Attracting customers for your print business means aligning the products you sell with the needs of those clients' own companies. Creating this kind of connection in the digital age is tougher than it was in an era when print was the default communication method, but it's far from impossible. When pursuing helpful and close bonds with your prospects, you'll have to perform research on industries in general and specific companies to ensure your offerings are on target. Making such an investment of time and resources ensures you are operating a print service provider that aims to solve real problems instead of taking shots in the dark.
Print customers' surprising wishes
Interpreting data and determining potential clients' desires is a cornerstone of planning within the printing industry, especially because the results of research can be surprising and helpful. For instance, WhatTheyThink contributor Heidi Tolliver-Walker recently parsed the results of the 2017 Print Buyer Survey, which found buyers interested in printers for their actual printing prowess. This wouldn't appear to be shocking data, but in an industry that's increasingly becoming tied to value-added marketing services, it's interesting to say the least that customers stated they just want print.
Printing has become a specialty today, one with an important role to play. Should print service providers focus on this one, basic facet of their business? Tolliver-Walker conceded that most printers have not made a full metamorphosis into marketing service providers. Physical printing offerings are their best products, and 84 percent of respondents to the Print Buyer Survey choose a service provider based on printing, not secondary or add-on services.
The matter of which way is correct for the printing business as a whole industry remains an open question, as Tolliver-Walker conceded. However, the data does show a strong preference among customers for a certain facet of service providers' portfolios. This can act as a compass for sales teams trying to improve the appeal of their print companies, or at least guide new rounds of research. If you find your own customer base is similarly interested in your actual print products, you've learned how to better appeal to them.
Hiding within the data on customer preferences is an implicit caution. Tolliver-Walker quoted the Print Media Center's Deborah Corn, who posited that printers going well beyond their core offerings may end up over-promising, and subsequently disappointing their clients with add-on services. In such cases, these secondary failures may sour the whole contract. This results in a valuable strategy to take to heart: When and if you branch out, be sure every product is solid and functional. Bad marketing services may disappoint customers more than a lack of marketing services.
Knowing what clients like
While making a match between your services and potential buyers may prove as simple as having the best core offerings, your pitches to these prospects should likely have some finesse. Printing Impressions contributor Matthew Parker recently explained that when print service providers' sales pitches are focused too much on those companies themselves, they are off track. A sales process focused on buyer needs, and the service provider's ability to suit those requirements, are more promising.

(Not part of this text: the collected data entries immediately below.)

lemma inner_orthogonal_complement:
  fixes P :: "real^'k::finite^'n::finite" and x :: "real^'r::finite^'n"
  assumes "transpose P ** P = mat 1"
  shows "x \<bullet> ((mat 1 - P ** transpose P) ** x)
         = ((mat 1 - P ** transpose P) ** x) \<bullet> ((mat 1 - P ** transpose P) ** x)"
proof -
  have T: "transpose (mat 1 - P ** transpose P) = mat 1 - P ** transpose P"
    by (simp add: transpose_diff matrix_transpose_mul)
  have "P ** transpose P ** (P ** transpose P) = P ** transpose P"
    by (simp add: matrix_mul_assoc matrix_mul_cancel_orthonormal[OF assms])
  then have "transpose (mat 1 - P ** transpose P) ** (mat 1 - P ** transpose P) = mat 1 - P ** transpose P"
    by (simp add: T matrix_diff_ldistrib matrix_diff_rdistrib)
  then show ?thesis
    by (simp add: inner_matrix_mult_left matrix_mul_assoc)
qed

lemma tinner_self_eq_0: "tinner S S = 0 \<Longrightarrow> S = (\<lambda>a b c. 0)"
  by (auto simp: tinner_eq_inner_unf1 unf1_def vec_eq_iff fun_eq_iff)

definition metric_definite ::
  "(real^'k1::finite^'n1) \<times> (real^'k2::finite^'n2) \<times> (real^'k3::finite^'n3) \<Rightarrow> real \<times> real \<times> real \<Rightarrow>
   ('r1::finite,'r2::finite,'r3::finite) tensor3 \<times> (real^'r1^'n1::finite) \<times> (real^'r2^'n2::finite) \<times> (real^'r3^'n3::finite)
   \<Rightarrow> bool" where
  "metric_definite P al X \<longleftrightarrow>
     (\<forall>q. metric P al X q q = 0 \<longrightarrow> q = ((\<lambda>a b c. 0), 0, 0, 0))"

The goal in making a sale is always to convey that the partnership between companies will be mutually beneficial. The elements salespeople emphasize on the way to this conclusion should be specific wherever possible. Problems aren't universal, and creating the match between buyer and seller is a process that focuses on identifying which elements are relevant in that exact situation.
Knowing that print quality is a common wish among buyers is helpful, but Parker's point is important, too: Sales processes that begin and end with excessive talk about technical print quality may not be as compelling as those that get into specifics. Having discussions that are about the buyer instead of the seller is one way to guide prospects to a decision. Performing research on your own unique lineup of potential customers could reveal additional surprising priorities. That kind of knowledge can guide your sales process effectively.